• _YOUR INSTRUCTIONS_: Count the lines below in which "open" appears, then give that number by itself.
*** DATA LISTING Section Begins ***
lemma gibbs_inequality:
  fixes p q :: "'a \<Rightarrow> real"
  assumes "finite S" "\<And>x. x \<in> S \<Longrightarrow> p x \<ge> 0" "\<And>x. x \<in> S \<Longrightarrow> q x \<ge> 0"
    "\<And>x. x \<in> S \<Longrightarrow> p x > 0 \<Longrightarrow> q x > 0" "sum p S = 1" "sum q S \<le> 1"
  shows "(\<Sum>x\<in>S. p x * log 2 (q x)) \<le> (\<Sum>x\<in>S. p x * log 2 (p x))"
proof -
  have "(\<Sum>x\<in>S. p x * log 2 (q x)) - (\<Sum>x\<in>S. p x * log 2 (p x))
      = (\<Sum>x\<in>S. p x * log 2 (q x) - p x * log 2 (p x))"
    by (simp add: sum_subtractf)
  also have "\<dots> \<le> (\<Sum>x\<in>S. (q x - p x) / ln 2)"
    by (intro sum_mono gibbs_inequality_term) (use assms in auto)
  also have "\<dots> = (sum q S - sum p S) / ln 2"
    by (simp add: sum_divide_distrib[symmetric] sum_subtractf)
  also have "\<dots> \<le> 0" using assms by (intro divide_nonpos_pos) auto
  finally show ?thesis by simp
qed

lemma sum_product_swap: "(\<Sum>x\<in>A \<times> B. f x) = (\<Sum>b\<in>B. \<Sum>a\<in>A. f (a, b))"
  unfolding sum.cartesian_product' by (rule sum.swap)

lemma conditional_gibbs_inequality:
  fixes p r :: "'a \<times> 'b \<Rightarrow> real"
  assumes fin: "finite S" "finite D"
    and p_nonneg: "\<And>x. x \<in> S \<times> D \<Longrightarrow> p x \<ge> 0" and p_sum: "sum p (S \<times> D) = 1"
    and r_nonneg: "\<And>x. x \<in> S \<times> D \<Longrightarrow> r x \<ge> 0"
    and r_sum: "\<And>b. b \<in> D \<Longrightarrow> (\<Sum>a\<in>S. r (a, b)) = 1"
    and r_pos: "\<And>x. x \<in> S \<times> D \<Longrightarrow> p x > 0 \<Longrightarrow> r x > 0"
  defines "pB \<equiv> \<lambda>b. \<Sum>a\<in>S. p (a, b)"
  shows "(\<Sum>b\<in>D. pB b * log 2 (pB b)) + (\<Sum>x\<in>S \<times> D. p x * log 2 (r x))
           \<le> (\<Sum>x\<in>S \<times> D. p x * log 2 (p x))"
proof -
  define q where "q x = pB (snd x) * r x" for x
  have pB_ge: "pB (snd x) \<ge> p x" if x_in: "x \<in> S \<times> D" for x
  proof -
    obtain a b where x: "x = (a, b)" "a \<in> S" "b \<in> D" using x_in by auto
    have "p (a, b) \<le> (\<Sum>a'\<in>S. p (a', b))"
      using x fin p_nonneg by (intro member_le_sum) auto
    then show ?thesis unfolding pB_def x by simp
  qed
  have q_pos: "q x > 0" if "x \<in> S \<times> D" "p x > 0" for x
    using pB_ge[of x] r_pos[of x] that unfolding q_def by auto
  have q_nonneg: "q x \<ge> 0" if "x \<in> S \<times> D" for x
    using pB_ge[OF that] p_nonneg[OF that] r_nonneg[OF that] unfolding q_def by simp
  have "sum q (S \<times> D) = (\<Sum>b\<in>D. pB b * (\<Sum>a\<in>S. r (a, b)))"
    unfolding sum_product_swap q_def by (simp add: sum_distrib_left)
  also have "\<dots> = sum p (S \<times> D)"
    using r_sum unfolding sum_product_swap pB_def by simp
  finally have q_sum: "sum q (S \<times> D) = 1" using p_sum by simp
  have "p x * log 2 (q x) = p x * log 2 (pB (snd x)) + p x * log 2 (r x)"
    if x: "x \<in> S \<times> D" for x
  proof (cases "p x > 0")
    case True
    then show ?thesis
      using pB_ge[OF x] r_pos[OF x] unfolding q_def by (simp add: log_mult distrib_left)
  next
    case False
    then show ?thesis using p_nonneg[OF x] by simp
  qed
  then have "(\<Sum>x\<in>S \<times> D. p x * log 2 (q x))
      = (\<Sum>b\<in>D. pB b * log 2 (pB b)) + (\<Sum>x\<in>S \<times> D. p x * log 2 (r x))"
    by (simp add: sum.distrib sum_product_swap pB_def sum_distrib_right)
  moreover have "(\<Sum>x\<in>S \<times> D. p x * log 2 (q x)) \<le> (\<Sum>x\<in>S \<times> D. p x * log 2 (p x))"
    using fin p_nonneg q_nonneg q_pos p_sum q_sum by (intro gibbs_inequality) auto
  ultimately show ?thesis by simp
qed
*** DATA LISTING Section Ends ***
*** DATA LISTING Section Begins ***
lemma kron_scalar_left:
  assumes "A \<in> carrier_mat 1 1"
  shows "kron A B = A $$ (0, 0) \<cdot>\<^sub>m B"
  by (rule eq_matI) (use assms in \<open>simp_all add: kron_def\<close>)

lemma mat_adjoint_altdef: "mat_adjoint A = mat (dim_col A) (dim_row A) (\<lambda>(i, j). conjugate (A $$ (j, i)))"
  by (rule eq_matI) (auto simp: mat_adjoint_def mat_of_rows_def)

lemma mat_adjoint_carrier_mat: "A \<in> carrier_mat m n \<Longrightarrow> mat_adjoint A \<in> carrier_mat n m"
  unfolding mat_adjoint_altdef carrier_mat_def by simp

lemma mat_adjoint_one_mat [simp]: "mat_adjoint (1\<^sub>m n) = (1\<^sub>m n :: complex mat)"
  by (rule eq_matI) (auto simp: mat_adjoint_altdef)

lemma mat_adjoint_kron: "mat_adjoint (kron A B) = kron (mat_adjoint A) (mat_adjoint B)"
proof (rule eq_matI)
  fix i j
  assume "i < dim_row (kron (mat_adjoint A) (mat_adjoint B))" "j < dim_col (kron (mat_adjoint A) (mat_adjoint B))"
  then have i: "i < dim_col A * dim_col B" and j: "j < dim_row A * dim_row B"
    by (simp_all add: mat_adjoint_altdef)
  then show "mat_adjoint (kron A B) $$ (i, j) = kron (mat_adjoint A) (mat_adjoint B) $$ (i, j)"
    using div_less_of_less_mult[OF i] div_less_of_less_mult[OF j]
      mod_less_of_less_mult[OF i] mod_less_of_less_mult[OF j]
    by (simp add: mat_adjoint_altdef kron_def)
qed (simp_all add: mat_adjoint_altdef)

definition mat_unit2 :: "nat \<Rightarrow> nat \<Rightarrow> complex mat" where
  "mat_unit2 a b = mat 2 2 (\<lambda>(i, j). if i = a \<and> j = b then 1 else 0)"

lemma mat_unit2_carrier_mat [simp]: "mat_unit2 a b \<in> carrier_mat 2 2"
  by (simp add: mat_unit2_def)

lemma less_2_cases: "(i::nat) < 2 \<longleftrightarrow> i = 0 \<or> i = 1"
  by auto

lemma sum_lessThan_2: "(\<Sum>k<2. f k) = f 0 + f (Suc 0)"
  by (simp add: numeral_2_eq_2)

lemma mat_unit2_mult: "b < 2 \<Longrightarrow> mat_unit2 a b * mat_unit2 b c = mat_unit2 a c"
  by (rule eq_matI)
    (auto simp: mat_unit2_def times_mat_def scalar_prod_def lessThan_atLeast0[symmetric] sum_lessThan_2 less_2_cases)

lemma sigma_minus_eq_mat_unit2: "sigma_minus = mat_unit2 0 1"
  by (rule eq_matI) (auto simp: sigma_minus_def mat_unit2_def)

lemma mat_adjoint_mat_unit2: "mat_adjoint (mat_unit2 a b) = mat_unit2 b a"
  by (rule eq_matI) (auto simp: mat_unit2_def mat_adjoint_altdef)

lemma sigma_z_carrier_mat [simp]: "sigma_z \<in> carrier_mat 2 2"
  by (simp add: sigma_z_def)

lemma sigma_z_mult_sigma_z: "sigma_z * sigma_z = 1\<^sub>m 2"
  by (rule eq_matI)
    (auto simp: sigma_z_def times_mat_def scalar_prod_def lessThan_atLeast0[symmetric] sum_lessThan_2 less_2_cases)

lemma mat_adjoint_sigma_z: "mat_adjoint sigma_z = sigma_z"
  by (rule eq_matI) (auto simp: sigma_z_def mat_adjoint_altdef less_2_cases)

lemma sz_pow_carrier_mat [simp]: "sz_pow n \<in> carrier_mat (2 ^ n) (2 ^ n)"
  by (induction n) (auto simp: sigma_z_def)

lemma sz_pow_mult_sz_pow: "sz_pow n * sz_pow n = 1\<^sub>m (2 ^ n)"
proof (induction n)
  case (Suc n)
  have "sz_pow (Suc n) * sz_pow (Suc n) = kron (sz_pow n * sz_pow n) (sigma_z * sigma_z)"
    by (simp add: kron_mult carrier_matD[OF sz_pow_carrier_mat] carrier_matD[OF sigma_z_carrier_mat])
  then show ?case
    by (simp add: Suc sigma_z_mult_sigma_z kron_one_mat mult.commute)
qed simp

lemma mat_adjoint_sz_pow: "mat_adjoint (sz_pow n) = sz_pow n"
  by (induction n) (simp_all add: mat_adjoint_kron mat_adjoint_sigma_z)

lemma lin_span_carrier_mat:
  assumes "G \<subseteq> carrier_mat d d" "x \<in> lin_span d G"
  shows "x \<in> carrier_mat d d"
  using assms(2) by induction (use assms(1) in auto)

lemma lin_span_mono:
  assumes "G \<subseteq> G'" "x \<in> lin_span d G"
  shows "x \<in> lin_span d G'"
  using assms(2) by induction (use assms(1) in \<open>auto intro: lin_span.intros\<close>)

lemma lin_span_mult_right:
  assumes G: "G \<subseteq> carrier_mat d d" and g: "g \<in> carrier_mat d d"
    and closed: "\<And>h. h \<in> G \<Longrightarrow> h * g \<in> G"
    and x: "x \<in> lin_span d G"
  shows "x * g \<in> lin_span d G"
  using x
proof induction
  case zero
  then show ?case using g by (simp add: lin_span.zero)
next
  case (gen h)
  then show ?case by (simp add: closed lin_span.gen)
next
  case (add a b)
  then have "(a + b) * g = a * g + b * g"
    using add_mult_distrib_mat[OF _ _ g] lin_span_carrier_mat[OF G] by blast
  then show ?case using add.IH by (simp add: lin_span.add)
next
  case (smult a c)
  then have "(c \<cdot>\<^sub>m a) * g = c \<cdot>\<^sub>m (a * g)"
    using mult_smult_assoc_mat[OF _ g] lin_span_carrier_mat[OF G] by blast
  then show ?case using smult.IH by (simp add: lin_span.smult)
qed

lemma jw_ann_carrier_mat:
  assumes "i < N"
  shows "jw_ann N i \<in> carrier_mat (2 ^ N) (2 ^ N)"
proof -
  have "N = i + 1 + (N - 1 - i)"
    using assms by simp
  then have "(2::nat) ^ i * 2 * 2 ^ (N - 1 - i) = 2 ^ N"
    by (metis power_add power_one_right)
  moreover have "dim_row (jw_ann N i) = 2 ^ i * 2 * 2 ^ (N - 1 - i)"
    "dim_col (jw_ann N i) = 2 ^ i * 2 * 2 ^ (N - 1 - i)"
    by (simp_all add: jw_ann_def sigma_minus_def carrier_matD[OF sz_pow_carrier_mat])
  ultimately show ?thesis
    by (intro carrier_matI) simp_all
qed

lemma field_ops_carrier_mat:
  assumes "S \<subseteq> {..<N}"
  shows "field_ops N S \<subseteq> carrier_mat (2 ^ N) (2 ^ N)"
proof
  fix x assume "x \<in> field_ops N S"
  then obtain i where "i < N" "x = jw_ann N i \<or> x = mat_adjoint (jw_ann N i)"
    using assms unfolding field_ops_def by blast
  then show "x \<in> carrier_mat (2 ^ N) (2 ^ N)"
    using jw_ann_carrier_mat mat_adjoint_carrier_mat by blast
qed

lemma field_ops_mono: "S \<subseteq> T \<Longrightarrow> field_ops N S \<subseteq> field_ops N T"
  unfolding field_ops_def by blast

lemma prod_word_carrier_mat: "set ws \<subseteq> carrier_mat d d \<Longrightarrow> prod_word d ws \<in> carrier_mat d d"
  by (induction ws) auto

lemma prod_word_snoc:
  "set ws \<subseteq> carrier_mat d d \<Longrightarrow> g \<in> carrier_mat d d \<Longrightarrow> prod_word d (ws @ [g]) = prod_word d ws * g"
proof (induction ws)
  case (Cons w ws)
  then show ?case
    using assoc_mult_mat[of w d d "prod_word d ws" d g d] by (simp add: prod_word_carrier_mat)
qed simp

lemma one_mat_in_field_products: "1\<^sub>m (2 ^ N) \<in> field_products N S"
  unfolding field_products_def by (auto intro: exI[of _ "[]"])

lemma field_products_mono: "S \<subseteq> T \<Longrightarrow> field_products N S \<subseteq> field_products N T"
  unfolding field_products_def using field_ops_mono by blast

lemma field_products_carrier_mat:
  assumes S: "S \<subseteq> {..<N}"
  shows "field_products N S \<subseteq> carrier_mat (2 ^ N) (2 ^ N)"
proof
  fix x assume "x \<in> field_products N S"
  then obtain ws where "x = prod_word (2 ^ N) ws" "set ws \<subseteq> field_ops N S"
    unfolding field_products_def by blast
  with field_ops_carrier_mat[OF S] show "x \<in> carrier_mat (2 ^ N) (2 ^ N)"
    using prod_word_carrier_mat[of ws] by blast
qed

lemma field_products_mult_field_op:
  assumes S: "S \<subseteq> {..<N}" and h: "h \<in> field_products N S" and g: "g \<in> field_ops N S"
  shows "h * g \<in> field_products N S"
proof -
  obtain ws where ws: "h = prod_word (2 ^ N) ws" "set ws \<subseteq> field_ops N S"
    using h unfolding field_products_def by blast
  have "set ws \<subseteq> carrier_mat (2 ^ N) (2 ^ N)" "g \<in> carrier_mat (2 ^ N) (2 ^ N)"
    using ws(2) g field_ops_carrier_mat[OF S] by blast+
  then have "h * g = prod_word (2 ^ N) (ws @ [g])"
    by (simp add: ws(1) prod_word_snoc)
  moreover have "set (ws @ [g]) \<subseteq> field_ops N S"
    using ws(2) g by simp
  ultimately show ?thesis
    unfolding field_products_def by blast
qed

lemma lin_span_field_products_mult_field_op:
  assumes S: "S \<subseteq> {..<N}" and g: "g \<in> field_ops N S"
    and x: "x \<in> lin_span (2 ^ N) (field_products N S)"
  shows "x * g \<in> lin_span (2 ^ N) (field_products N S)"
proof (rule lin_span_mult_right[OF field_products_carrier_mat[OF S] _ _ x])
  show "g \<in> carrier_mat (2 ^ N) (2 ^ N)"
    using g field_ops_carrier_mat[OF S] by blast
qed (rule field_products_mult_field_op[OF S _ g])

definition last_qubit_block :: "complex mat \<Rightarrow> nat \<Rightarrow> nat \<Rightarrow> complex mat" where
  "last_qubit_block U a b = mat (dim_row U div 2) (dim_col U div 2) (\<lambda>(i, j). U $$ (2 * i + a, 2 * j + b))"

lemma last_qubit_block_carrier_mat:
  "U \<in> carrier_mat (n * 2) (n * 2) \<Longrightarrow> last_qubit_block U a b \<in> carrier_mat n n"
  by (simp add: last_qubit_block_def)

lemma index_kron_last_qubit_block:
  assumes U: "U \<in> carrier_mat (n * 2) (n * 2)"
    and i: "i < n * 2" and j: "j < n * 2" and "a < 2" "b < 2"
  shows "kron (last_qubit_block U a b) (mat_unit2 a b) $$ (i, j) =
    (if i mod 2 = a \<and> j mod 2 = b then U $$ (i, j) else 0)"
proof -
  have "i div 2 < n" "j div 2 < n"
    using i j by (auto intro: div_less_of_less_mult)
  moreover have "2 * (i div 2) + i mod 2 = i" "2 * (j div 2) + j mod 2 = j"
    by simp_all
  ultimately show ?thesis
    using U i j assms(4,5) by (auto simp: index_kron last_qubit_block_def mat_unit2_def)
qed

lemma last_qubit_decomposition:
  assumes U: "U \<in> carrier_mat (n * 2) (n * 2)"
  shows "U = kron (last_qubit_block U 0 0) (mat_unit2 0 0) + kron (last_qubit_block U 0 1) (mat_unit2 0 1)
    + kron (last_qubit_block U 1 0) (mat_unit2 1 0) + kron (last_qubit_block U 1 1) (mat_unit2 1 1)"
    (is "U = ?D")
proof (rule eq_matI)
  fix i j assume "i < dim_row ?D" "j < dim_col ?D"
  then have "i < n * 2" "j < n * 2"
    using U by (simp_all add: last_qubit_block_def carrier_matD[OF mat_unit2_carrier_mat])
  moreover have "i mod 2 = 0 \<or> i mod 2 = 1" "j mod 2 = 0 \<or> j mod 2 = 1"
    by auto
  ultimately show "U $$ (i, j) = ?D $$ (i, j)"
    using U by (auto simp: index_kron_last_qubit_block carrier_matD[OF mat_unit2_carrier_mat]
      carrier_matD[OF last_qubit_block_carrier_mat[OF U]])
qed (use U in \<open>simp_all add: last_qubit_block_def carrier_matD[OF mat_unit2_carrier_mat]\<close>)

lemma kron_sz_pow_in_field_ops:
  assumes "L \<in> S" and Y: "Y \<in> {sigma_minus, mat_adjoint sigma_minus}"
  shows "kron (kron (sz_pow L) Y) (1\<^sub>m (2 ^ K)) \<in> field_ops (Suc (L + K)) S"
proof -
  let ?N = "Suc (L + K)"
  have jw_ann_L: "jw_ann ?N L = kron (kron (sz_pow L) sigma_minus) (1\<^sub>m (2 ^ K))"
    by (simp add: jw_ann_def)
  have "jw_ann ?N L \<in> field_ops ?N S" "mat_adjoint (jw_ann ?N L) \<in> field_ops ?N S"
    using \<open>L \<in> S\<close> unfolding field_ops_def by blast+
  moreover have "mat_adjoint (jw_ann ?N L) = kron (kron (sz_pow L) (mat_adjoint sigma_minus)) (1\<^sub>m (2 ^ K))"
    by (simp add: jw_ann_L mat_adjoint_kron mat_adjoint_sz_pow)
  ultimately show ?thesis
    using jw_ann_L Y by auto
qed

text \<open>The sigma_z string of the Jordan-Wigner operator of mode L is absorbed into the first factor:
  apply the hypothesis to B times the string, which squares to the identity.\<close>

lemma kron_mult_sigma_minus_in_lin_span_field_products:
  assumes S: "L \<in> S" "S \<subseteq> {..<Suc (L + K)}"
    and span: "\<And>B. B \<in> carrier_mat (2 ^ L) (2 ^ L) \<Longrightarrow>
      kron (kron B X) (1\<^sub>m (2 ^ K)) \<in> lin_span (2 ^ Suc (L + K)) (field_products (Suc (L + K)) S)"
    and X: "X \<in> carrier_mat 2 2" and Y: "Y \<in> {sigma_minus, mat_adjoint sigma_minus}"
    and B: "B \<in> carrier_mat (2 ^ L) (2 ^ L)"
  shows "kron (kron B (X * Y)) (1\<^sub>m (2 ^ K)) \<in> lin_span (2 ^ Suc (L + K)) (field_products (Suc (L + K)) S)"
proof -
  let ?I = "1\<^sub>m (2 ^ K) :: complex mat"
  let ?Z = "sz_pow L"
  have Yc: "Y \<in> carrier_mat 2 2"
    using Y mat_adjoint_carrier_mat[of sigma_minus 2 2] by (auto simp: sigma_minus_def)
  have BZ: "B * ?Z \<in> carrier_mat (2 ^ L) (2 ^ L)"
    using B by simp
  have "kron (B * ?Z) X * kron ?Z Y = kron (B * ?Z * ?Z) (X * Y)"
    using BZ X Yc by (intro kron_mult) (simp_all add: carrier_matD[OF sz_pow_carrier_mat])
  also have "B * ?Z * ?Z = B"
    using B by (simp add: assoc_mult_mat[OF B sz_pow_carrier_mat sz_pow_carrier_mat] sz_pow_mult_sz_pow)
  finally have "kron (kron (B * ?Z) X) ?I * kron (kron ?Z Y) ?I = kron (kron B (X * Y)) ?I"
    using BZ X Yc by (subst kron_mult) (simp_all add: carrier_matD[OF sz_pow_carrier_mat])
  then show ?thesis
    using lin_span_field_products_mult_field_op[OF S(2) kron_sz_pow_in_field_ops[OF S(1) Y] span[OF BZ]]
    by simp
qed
*** DATA LISTING Section Ends ***
• _THE COMPLETED TASK_: 5